lemma locally_cyclic:
  assumes fg: "fin_gen scale" and ff: "faithful scale" and mm: "multiplication_module scale"
    and P: "maximal_ideal P"
  shows "\<exists>m p. p \<in> P \<and> (\<forall>x. \<exists>r. scale (1 - p) x = scale r m)"
proof (rule ccontr)
  assume not_cyclic: "\<not> ?thesis"
  have PI: "is_ideal P" using P by (simp add: maximal_ideal_def)
  have colon_in_P: "colonR scale (span {m}) \<subseteq> P" for m
  proof
    fix a assume "a \<in> colonR scale (span {m})"
    then have a: "\<forall>x. \<exists>r. scale a x = scale r m" unfolding colonR_def span_singleton by auto
    show "a \<in> P"
    proof (rule ccontr)
      assume "a \<notin> P"
      then obtain p r where p: "p \<in> P" "1 = p + r * a" using P unfolding maximal_ideal_def by blast
      have "\<exists>k. scale (1 - p) x = scale k m" for x
      proof -
        obtain k where "scale a x = scale k m" using a by blast
        then have "scale (1 - p) x = scale (r * k) m" using p(2)
          by (metis add_diff_cancel_left' scale_scale)
        then show ?thesis by blast
      qed
      then show False using not_cyclic p(1) by blast
    qed
  qed
  have "y \<in> ideal_times scale P" for y
  proof -
    have "y \<in> ideal_times scale (colonR scale (span {y}))"
      using ideal_times_colonR[OF mm, of "span {y}"] span_base[of y "{y}"] by simp
    then show ?thesis using ideal_times_mono[OF colon_in_P] by blast
  qed
  then have "\<forall>m. \<exists>p\<in>P. scale p m = m" using ex_absorbing_scalar[OF mm PI] by blast
  moreover have "\<exists>m. \<forall>p\<in>P. scale p m \<noteq> m"
    using P maximal_ideal_prime[OF P]
    by (intro ex_not_absorbed_by_prime_ideal[OF fg ff PI]) (auto simp: maximal_ideal_def)
  ultimately show False by blast
qed

lemma scale_ideal_times_in_cyclic:
  assumes J: "is_ideal J" and q: "\<forall>x. \<exists>r. scale q x = scale r m"
    and z: "z \<in> ideal_times scale J"
  shows "scale q z \<in> (\<lambda>j. scale j m) ` J"
  using z
proof (induct rule: ideal_times_induct)
  case subspace show ?case by (rule subspace_scale_preimage[OF subspace_scale_image[OF J]])
next
  case (scale c y)
  obtain r where "scale q y = scale r m" using q by blast
  then have "scale q (scale c y) = scale (c * r) m" by (metis scale_left_commute scale_scale)
  then show ?case using idealD(4)[OF J scale] by blast
qed
lemma extragradient_step_contraction:
  fixes G :: "'a::euclidean_space \<Rightarrow> 'a"
  assumes X: "convex X" "closed X" "X \<noteq> {}"
    and \<Omega>: "convex \<Omega>" "closed \<Omega>" "X \<subseteq> \<Omega>"
    and G_lip: "L-lipschitz_on \<Omega> G" and G_strong: "strongly_monotone_op c G X" and "0 < c"
    and lam: "0 < lam" "lam * L < 1"
    and w': "w' = closest_point \<Omega> w"
    and y: "y = closest_point X (w - lam *\<^sub>R G w')"
    and x': "x' = closest_point X (w - lam *\<^sub>R G y)"
    and "z \<in> X"
  shows "(norm (x' - z))\<^sup>2 \<le> (1 - inverse (1 / (1 - lam\<^sup>2 * L\<^sup>2) + 1 / (2 * lam * c))) * (norm (w - z))\<^sup>2
           - 2 * lam * inner (G z) (y - z)"
proof -
  have "y \<in> X"
    using y closest_point_in_set[OF X(2,3)] by simp
  then have "y \<in> \<Omega>"
    using \<Omega>(3) by blast
  have "w' \<in> \<Omega>"
    using w' closest_point_in_set[OF \<Omega>(2)] X(3) \<Omega>(3) by blast
  have "norm (w' - y) \<le> norm (w - y)"
    using closest_point_lipschitz[OF \<Omega>(1,2), of w y] closest_point_self[OF \<open>y \<in> \<Omega>\<close>] X(3) \<Omega>(3) w'
    by (auto simp: dist_norm)
  have "norm (G y - G w') \<le> L * norm (w' - y)"
    using lipschitz_onD[OF G_lip \<open>y \<in> \<Omega>\<close> \<open>w' \<in> \<Omega>\<close>] by (simp add: dist_norm norm_minus_commute)
  also have "\<dots> \<le> L * norm (w - y)"
    using \<open>norm (w' - y) \<le> norm (w - y)\<close> lipschitz_on_nonneg[OF G_lip] by (rule mult_left_mono)
  finally have step: "(norm (x' - z))\<^sup>2 \<le> (norm (w - z))\<^sup>2 - (1 - lam\<^sup>2 * L\<^sup>2) * (norm (w - y))\<^sup>2
           - 2 * lam * inner (G y) (y - z)"
    by (rule extragradient_step_estimate[OF X y x' _ \<open>z \<in> X\<close> lam(1)])
  have "c * (norm (y - z))\<^sup>2 \<le> inner (G y - G z) (y - z)"
    using G_strong \<open>y \<in> X\<close> \<open>z \<in> X\<close> unfolding strongly_monotone_op_def by blast
  then have strong: "2 * lam * (c * (norm (y - z))\<^sup>2 + inner (G z) (y - z)) \<le> 2 * lam * inner (G y) (y - z)"
    using lam(1) by (simp add: inner_diff_left)
  have "0 \<le> lam * L"
    using lam(1) lipschitz_on_nonneg[OF G_lip] by simp
  then have "0 < 1 - lam\<^sup>2 * L\<^sup>2"
    using lam(2) by (simp add: power_mult_distrib[symmetric] power_less_one_iff)
  have "(norm (w - z))\<^sup>2 \<le> (norm (w - y) + norm (y - z))\<^sup>2"
    using norm_triangle_ineq[of "w - y" "y - z"] by (intro power_mono) auto
  then have "inverse (1 / (1 - lam\<^sup>2 * L\<^sup>2) + 1 / (2 * lam * c)) * (norm (w - z))\<^sup>2
      \<le> inverse (1 / (1 - lam\<^sup>2 * L\<^sup>2) + 1 / (2 * lam * c)) * (norm (w - y) + norm (y - z))\<^sup>2"
    using \<open>0 < 1 - lam\<^sup>2 * L\<^sup>2\<close> lam(1) \<open>0 < c\<close> by (intro mult_left_mono) auto
  also have "\<dots> \<le> (1 - lam\<^sup>2 * L\<^sup>2) * (norm (w - y))\<^sup>2 + (2 * lam * c) * (norm (y - z))\<^sup>2"
    using \<open>0 < 1 - lam\<^sup>2 * L\<^sup>2\<close> lam(1) \<open>0 < c\<close> by (intro inverse_sum_inverses_mult_square_le) auto
  finally show ?thesis
    using step strong
    by (simp add: algebra_simps)
qed
(* Let $p>1$, let $n>p$ be an integer, let $M$ be a constant with $M>p-1$ and $M>\frac{n(p-1)}{n-p}$, and set $Q=\frac{Mp-p+1}{p-1}$. Put \[ a=\frac{M-p+1}{Mn-pn+n-Mp},\qquad u(r)=\left(\frac{a n-1}{1+a^{\frac{p}{p-1}} M\, r^{\frac{p}{p-1}}}\right)^{\frac{p-1}{M-p+1}} \quad (r\ge 0). \] Then $a>0$, $an>1$, and $u$ is a positive ground state solution of \[ \left(\varphi(u'(r))\right)'+\frac{n-1}{r}\varphi(u'(r))+u^M+u^Q=0 \quad (r>0),\qquad u'(0)=0, \] i.e. $u>0$ on $[0,\infty)$, $u$ satisfies the equation for all $r>0$, $u'(0)=0$, and $u(r)\to 0$ as $r\to\infty$. Moreover $u$ satisfies $\varphi(u'(r))=-a r u^M(r)$ for all $r\ge 0$.
   Context: Here $\varphi(z)=z|z|^{p-2}$, so that $\left(\varphi(u')\right)'+\frac{n-1}{r}\varphi(u')$ is the radial $p$-Laplacian in $\mathbb{R}^n$. *)

theory Defs
  imports "HOL-Analysis.Analysis"
begin

text \<open>phi(z) = z |z|^(p-2), so that (phi(u'))' + (n-1)/r phi(u') is the radial p-Laplacian.\<close>
definition phi :: "real \<Rightarrow> real \<Rightarrow> real" where
  "phi p z = z * \<bar>z\<bar> powr (p - 2)"

end

theory Submission
  imports Defs
begin

text \<open>
  With q = p/(p-1) and \<beta> = (p-1)/(M-p+1), the profile u = (c/w)^\<beta>, w = 1 + b r^q,
  satisfies -u' = (\<beta> q b/c) r^(q-1) u^(1+1/\<beta>); for b = a^q M and c = a n - 1 = \<beta> q M a
  this is the first integral \<phi>(u') = -a r u^M. Differentiating it turns the radial equation,
  divided by u^M, into a M r (-u')/u + u^(Q-M) = a n - 1, which holds because
  a M r (-u')/u = c (1 - 1/w) and u^(Q-M) = u^(1/\<beta>) = c/w.
\<close>

lemma phi_minus:
  assumes "x \<ge> 0"
  shows "phi p (- x) = - (x powr (p - 1))"
proof (cases "x = 0")
  case False
  then show ?thesis
    using powr_mult_base[OF assms, of "p - 2"] by (simp add: phi_def assms)
qed (simp add: phi_def)

lemma has_real_derivative_powr_at_0:
  assumes "q > 1"
  shows "((\<lambda>r::real. r powr q) has_real_derivative 0) (at 0 within {0..})"
proof -
  have "((\<lambda>y::real. y powr (q - 1)) \<longlongrightarrow> 0) (at 0 within {0..})"
    by (rule tendsto_zero_powrI[of _ _ _ "q - 1"])
       (use assms in \<open>auto intro!: tendsto_eq_intros simp: eventually_at_filter\<close>)
  moreover have "\<forall>\<^sub>F y in at 0 within {0..}. y powr (q - 1) = (y powr q - 0 powr q) / (y - 0)"
    unfolding eventually_at_filter by (auto simp: powr_diff)
  ultimately show ?thesis
    unfolding has_field_derivative_iff using tendsto_cong by fastforce
qed

lemma has_real_derivative_const_div_powr:
  assumes "t > 0" "c > 0"
  shows "((\<lambda>t::real. (c / t) powr \<beta>) has_real_derivative - \<beta> * (c / t) powr \<beta> / t) (at t)"
proof (subst DERIV_cong_ev[OF refl _ refl])
  have "\<forall>\<^sub>F z in nhds t. z > 0"
    using assms eventually_nhds_in_open[of "{0<..}" t] by simp
  then show "\<forall>\<^sub>F z in nhds t. (c / z) powr \<beta> = exp (\<beta> * (ln c - ln z))"
    by eventually_elim (use assms in \<open>simp add: powr_def ln_div\<close>)
  show "((\<lambda>z. exp (\<beta> * (ln c - ln z))) has_real_derivative - \<beta> * (c / t) powr \<beta> / t) (at t)"
    using assms by (auto intro!: derivative_eq_intros simp: powr_def ln_div)
qed

lemma radial_p_laplacian_first_integral:
  fixes u u' :: "real \<Rightarrow> real" and a M n r :: real
  assumes "r > 0"
    and deriv: "\<And>s. s > 0 \<Longrightarrow> (u has_real_derivative u' s) (at s)"
    and pos: "\<And>s. s > 0 \<Longrightarrow> u s > 0"
    and first_integral: "\<And>s. s > 0 \<Longrightarrow> phi p (u' s) = - a * s * u s powr M"
  shows "(\<lambda>s. phi p (deriv u s)) differentiable (at r)"
    and "deriv (\<lambda>s. phi p (deriv u s)) r + (n - 1) / r * phi p (deriv u r)
           = - n * a * u r powr M - a * M * u r powr (M - 1) * (r * u' r)"
proof -
  have "((\<lambda>s. - a * s * u s powr M) has_real_derivative
          - a * u r powr M - a * r * (M * u r powr (M - 1) * u' r)) (at r)"
    using deriv[OF \<open>r > 0\<close>] pos[OF \<open>r > 0\<close>]
    by (auto intro!: derivative_eq_intros simp: algebra_simps)
  then have D: "((\<lambda>s. phi p (deriv u s)) has_real_derivative
          - a * u r powr M - a * r * (M * u r powr (M - 1) * u' r)) (at r)"
    by (rule has_field_derivative_transform_within_open[where S = "{0<..}"])
       (use \<open>r > 0\<close> first_integral deriv DERIV_imp_deriv in fastforce)+
  then show "(\<lambda>s. phi p (deriv u s)) differentiable (at r)"
    by (rule has_field_derivative_imp_has_derivative[THEN differentiableI])
  show "deriv (\<lambda>s. phi p (deriv u s)) r + (n - 1) / r * phi p (deriv u r)
           = - n * a * u r powr M - a * M * u r powr (M - 1) * (r * u' r)"
    using \<open>r > 0\<close> by (simp add: DERIV_imp_deriv[OF D] DERIV_imp_deriv[OF deriv] first_integral
        field_simps)
qed

locale bliss_profile =
  fixes c b q \<beta> :: real
  assumes c_pos: "c > 0" and b_pos: "b > 0" and q_gt_1: "q > 1" and \<beta>_pos: "\<beta> > 0"
begin

definition weight :: "real \<Rightarrow> real" where
  "weight r = 1 + b * r powr q"

definition profile :: "real \<Rightarrow> real" where
  "profile r = (c / weight r) powr \<beta>"

definition profile_deriv :: "real \<Rightarrow> real" where
  "profile_deriv r = - \<beta> * q * b * r powr (q - 1) * profile r / weight r"

lemma weight_ge_1: "weight r \<ge> 1"
  using b_pos by (simp add: weight_def)

lemma weight_pos: "weight r > 0"
  using weight_ge_1[of r] by linarith

lemma profile_pos: "profile r > 0"
  using c_pos weight_pos[of r] by (simp add: profile_def)

lemma profile_powr_inverse: "profile r powr (1 / \<beta>) = c / weight r"
  using c_pos weight_pos[of r] \<beta>_pos by (simp add: profile_def powr_powr)

lemma has_real_derivative_profile:
  assumes "r > 0"
  shows "(profile has_real_derivative profile_deriv r) (at r)"
proof -
  have "(weight has_real_derivative b * (q * r powr (q - 1))) (at r)"
    unfolding weight_def using assms by (auto intro!: derivative_eq_intros)
  from DERIV_chain2[OF has_real_derivative_const_div_powr[OF weight_pos c_pos, where \<beta> = \<beta>] this]
  show ?thesis
    unfolding profile_deriv_def profile_def [abs_def]
    by (rule DERIV_cong) (simp add: profile_def)
qed

lemma has_real_derivative_profile_at_0:
  "(profile has_real_derivative profile_deriv 0) (at 0 within {0..})"
proof -
  have "(weight has_real_derivative 0) (at 0 within {0..})"
    unfolding weight_def
    using DERIV_add[OF DERIV_const DERIV_cmult[OF has_real_derivative_powr_at_0[OF q_gt_1]], of 1 b]
    by simp
  from DERIV_chain2[OF has_real_derivative_const_div_powr[OF weight_pos c_pos, where \<beta> = \<beta>] this]
  show ?thesis
    by (simp add: profile_def [abs_def] profile_deriv_def)
qed

lemma has_real_derivative_profile_within:
  assumes "r \<ge> 0"
  shows "(profile has_real_derivative profile_deriv r) (at r within {0..})"
  using assms has_real_derivative_profile_at_0 has_real_derivative_profile
  by (cases "r = 0") (auto intro: has_field_derivative_at_within)

lemma profile_tendsto_0: "(profile \<longlongrightarrow> 0) at_top"
proof -
  have "filterlim weight at_top at_top"
    unfolding weight_def
    by (rule filterlim_tendsto_add_at_top[OF tendsto_const]
        filterlim_tendsto_pos_mult_at_top[OF tendsto_const b_pos real_powr_at_top])+
       (use q_gt_1 in simp)
  then have "((\<lambda>r. c / weight r) \<longlongrightarrow> 0) at_top"
    by (intro tendsto_divide_0[OF tendsto_const] filterlim_at_top_imp_at_infinity)
  then show ?thesis
    unfolding profile_def [abs_def]
    by (rule tendsto_zero_powrI[OF _ tendsto_const])
       (use c_pos weight_pos \<beta>_pos in \<open>auto intro!: always_eventually less_imp_le\<close>)
qed

lemma mult_profile_deriv:
  assumes "r > 0"
  shows "r * profile_deriv r = - \<beta> * q * (1 - 1 / weight r) * profile r"
proof -
  have "r * r powr (q - 1) = r powr q"
    using powr_mult_base[of r "q - 1"] assms by simp
  then have "r * profile_deriv r = - \<beta> * q * (weight r - 1) * profile r / weight r"
    by (simp add: profile_deriv_def weight_def)
  then show ?thesis
    using weight_pos[of r] by (simp add: field_simps)
qed

lemma phi_profile_deriv:
  assumes "p > 1" "q = p / (p - 1)" "r \<ge> 0"
  shows "phi p (profile_deriv r)
    = - ((\<beta> * q * b / c) powr (p - 1) * r * profile r powr ((p - 1) * (1 + 1 / \<beta>)))"
proof -
  define k where "k = \<beta> * q * b / c"
  define X where "X = k * r powr (q - 1) * profile r powr (1 + 1 / \<beta>)"
  have "profile r powr (1 + 1 / \<beta>) = profile r * (c / weight r)"
    using profile_pos[of r] by (simp add: powr_add profile_powr_inverse)
  then have "profile_deriv r = - X"
    using c_pos by (simp add: X_def k_def profile_deriv_def)
  moreover have "X \<ge> 0"
    using \<beta>_pos q_gt_1 b_pos c_pos by (simp add: X_def k_def)
  moreover have "(q - 1) * (p - 1) = 1"
    using assms(1,2) by (simp add: field_simps)
  then have "X powr (p - 1) = k powr (p - 1) * r * profile r powr ((p - 1) * (1 + 1 / \<beta>))"
    unfolding X_def powr_mult powr_powr using assms(3) by (simp add: mult.commute)
  ultimately show ?thesis
    by (simp add: phi_minus k_def)
qed

end

locale ground_state = bliss_profile c b q \<beta> for c b q \<beta> +
  fixes p M a n :: real
  assumes p_gt_1: "p > 1" and a_pos: "a > 0"
    and q_eq: "q = p / (p - 1)" and \<beta>_eq: "\<beta> = (p - 1) / (M - p + 1)"
    and b_eq: "b = a powr q * M" and c_eq: "c = \<beta> * q * M * a" and n_eq: "a * n = c + 1"
begin

lemma M_pos: "M > 0"
  using \<beta>_pos p_gt_1 by (simp add: \<beta>_eq zero_less_divide_iff)

lemma profile_first_integral:
  assumes "r \<ge> 0"
  shows "phi p (profile_deriv r) = - a * r * profile r powr M"
proof -
  have "\<beta> * q * b / c = a powr (q - 1)"
    using \<beta>_pos q_gt_1 M_pos a_pos by (simp add: b_eq c_eq powr_diff)
  moreover have "(q - 1) * (p - 1) = 1" and "(p - 1) * (1 + 1 / \<beta>) = M"
    using p_gt_1 \<beta>_pos by (simp_all add: q_eq \<beta>_eq field_simps)
  ultimately show ?thesis
    using phi_profile_deriv[OF p_gt_1 q_eq assms] a_pos by (simp add: powr_powr)
qed

lemma profile_solves_radial_equation:
  assumes "r > 0"
  shows "(\<lambda>s. phi p (deriv profile s)) differentiable (at r)"
    and "deriv (\<lambda>s. phi p (deriv profile s)) r + (n - 1) / r * phi p (deriv profile r)
           + profile r powr M + profile r powr (M + 1 / \<beta>) = 0"
proof -
  have profile_hyps:
      "\<And>s. s > 0 \<Longrightarrow> (profile has_real_derivative profile_deriv s) (at s)"
      "\<And>s. s > 0 \<Longrightarrow> profile s > 0"
      "\<And>s. s > 0 \<Longrightarrow> phi p (profile_deriv s) = - a * s * profile s powr M"
    by (simp_all add: has_real_derivative_profile profile_pos profile_first_integral)
  from assms profile_hyps show "(\<lambda>s. phi p (deriv profile s)) differentiable (at r)"
    by (rule radial_p_laplacian_first_integral(1))
  from assms profile_hyps have first_integral:
      "deriv (\<lambda>s. phi p (deriv profile s)) r + (n - 1) / r * phi p (deriv profile r)
       = - n * a * profile r powr M - a * M * profile r powr (M - 1) * (r * profile_deriv r)"
    by (rule radial_p_laplacian_first_integral(2))
  have "a * M * profile r powr (M - 1) * (r * profile_deriv r)
      = - (\<beta> * q * M * a) * (1 - 1 / weight r) * (profile r * profile r powr (M - 1))"
    by (simp add: mult_profile_deriv[OF assms])
  also have "\<dots> = - c * (1 - 1 / weight r) * profile r powr M"
    using powr_mult_base[of "profile r" "M - 1"] profile_pos[of r] by (simp add: c_eq)
  finally have deriv_term: "a * M * profile r powr (M - 1) * (r * profile_deriv r)
      = - c * (1 - 1 / weight r) * profile r powr M" .
  have "deriv (\<lambda>s. phi p (deriv profile s)) r + (n - 1) / r * phi p (deriv profile r)
           + profile r powr M + profile r powr (M + 1 / \<beta>)
      = - n * a * profile r powr M + c * (1 - 1 / weight r) * profile r powr M
           + profile r powr M + profile r powr M * c / weight r"
    unfolding first_integral deriv_term
    by (simp add: powr_add profile_powr_inverse)
  also have "\<dots> = (1 + c - a * n) * profile r powr M"
    using weight_pos[of r] by (simp add: field_simps)
  finally show "deriv (\<lambda>s. phi p (deriv profile s)) r + (n - 1) / r * phi p (deriv profile r)
           + profile r powr M + profile r powr (M + 1 / \<beta>) = 0"
    by (simp add: n_eq)
qed

end

lemma ground_state_coefficients:
  fixes p M a n :: real
  assumes "p > 1" "n > p" "M > p - 1" "M > n * (p - 1) / (n - p)"
    and "a = (M - p + 1) / (M * n - p * n + n - M * p)"
  shows "a > 0" and "a * n - 1 = p / (M - p + 1) * M * a"
proof -
  have "M * (n - p) > n * (p - 1)"
    using assms(2,4) by (simp add: pos_divide_less_eq)
  then have D_pos: "M * n - p * n + n - M * p > 0"
    by (simp add: algebra_simps)
  then show "a > 0"
    using assms(3,5) by simp
  have "a * n - 1 = M * p / (M * n - p * n + n - M * p)"
    using D_pos by (simp add: assms(5) field_simps)
  also have "\<dots> = p / (M - p + 1) * M * a"
    using assms(3) by (simp add: assms(5))
  finally show "a * n - 1 = p / (M - p + 1) * M * a" .
qed

theorem mainTheorem2:
  fixes p M Q a :: real and n :: nat and u :: "real \<Rightarrow> real"
  assumes hp: "p > 1"
    and hn: "real n > p"
    and hM1: "M > p - 1"
    and hM2: "M > real n * (p - 1) / (real n - p)"
    and hQ: "Q = (M * p - p + 1) / (p - 1)"
    and ha: "a = (M - p + 1) / (M * real n - p * real n + real n - M * p)"
    and hu: "u = (\<lambda>r. ((a * real n - 1) /
                 (1 + a powr (p / (p - 1)) * M * r powr (p / (p - 1))))
                 powr ((p - 1) / (M - p + 1)))"
  shows "a > 0 \<and> a * real n > 1
    \<and> (\<forall>r\<ge>0. u r > 0)
    \<and> (\<forall>r>0. u differentiable (at r)
         \<and> (\<lambda>s. phi p (deriv u s)) differentiable (at r)
         \<and> deriv (\<lambda>s. phi p (deriv u s)) r + (real n - 1) / r * phi p (deriv u r)
             + (u r) powr M + (u r) powr Q = 0)
    \<and> (u has_real_derivative 0) (at 0 within {0..})
    \<and> (u \<longlongrightarrow> 0) at_top
    \<and> (\<forall>r\<ge>0. \<exists>d. (u has_real_derivative d) (at r within {0..})
         \<and> phi p d = - a * r * (u r) powr M)"
proof -
  define q \<beta> where "q = p / (p - 1)" and "\<beta> = (p - 1) / (M - p + 1)"
  note coefficients = ground_state_coefficients[OF hp hn hM1 hM2 ha]
  have "a * real n - 1 = \<beta> * q * M * a"
    using coefficients(2) hp hM1 by (simp add: q_def \<beta>_def)
  moreover have "a * real n - 1 > 0"
    using coefficients hp hM1 by simp
  ultimately interpret ground_state "a * real n - 1" "a powr q * M" q \<beta> p M a "real n"
    using coefficients(1) hp hM1 by unfold_locales (auto simp: q_def \<beta>_def)
  have "u = profile"
    unfolding hu profile_def [abs_def] weight_def by (simp add: q_def \<beta>_def mult.assoc)
  moreover have "Q = M + 1 / \<beta>"
    using hp hM1 by (simp add: hQ \<beta>_def field_simps)
  moreover have "(profile has_real_derivative 0) (at 0 within {0..})"
    using has_real_derivative_profile_at_0 q_gt_1 by (simp add: profile_deriv_def)
  moreover have "profile differentiable (at r)" if "r > 0" for r
    using has_real_derivative_profile[OF that]
    by (rule has_field_derivative_imp_has_derivative[THEN differentiableI])
  ultimately show ?thesis
    using coefficients(1) \<open>a * real n - 1 > 0\<close> profile_pos profile_solves_radial_equation
      profile_tendsto_0 has_real_derivative_profile_within profile_first_integral
    by auto blast
qed

end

......

▸ **Your task**: Every line from the start of the material above through the line that contains "fix a assume" must be written out exactly, with both ends included.

▸ **Exercise answer**:
lemma locally_cyclic:
  assumes fg: "fin_gen scale" and ff: "faithful scale" and mm: "multiplication_module scale"
    and P: "maximal_ideal P"
  shows "\<exists>m p. p \<in> P \<and> (\<forall>x. \<exists>r. scale (1 - p) x = scale r m)"
proof (rule ccontr)
  assume not_cyclic: "\<not> ?thesis"
  have PI: "is_ideal P" using P by (simp add: maximal_ideal_def)
  have colon_in_P: "colonR scale (span {m}) \<subseteq> P" for m
  proof
    fix a assume "a \<in> colonR scale (span {m})"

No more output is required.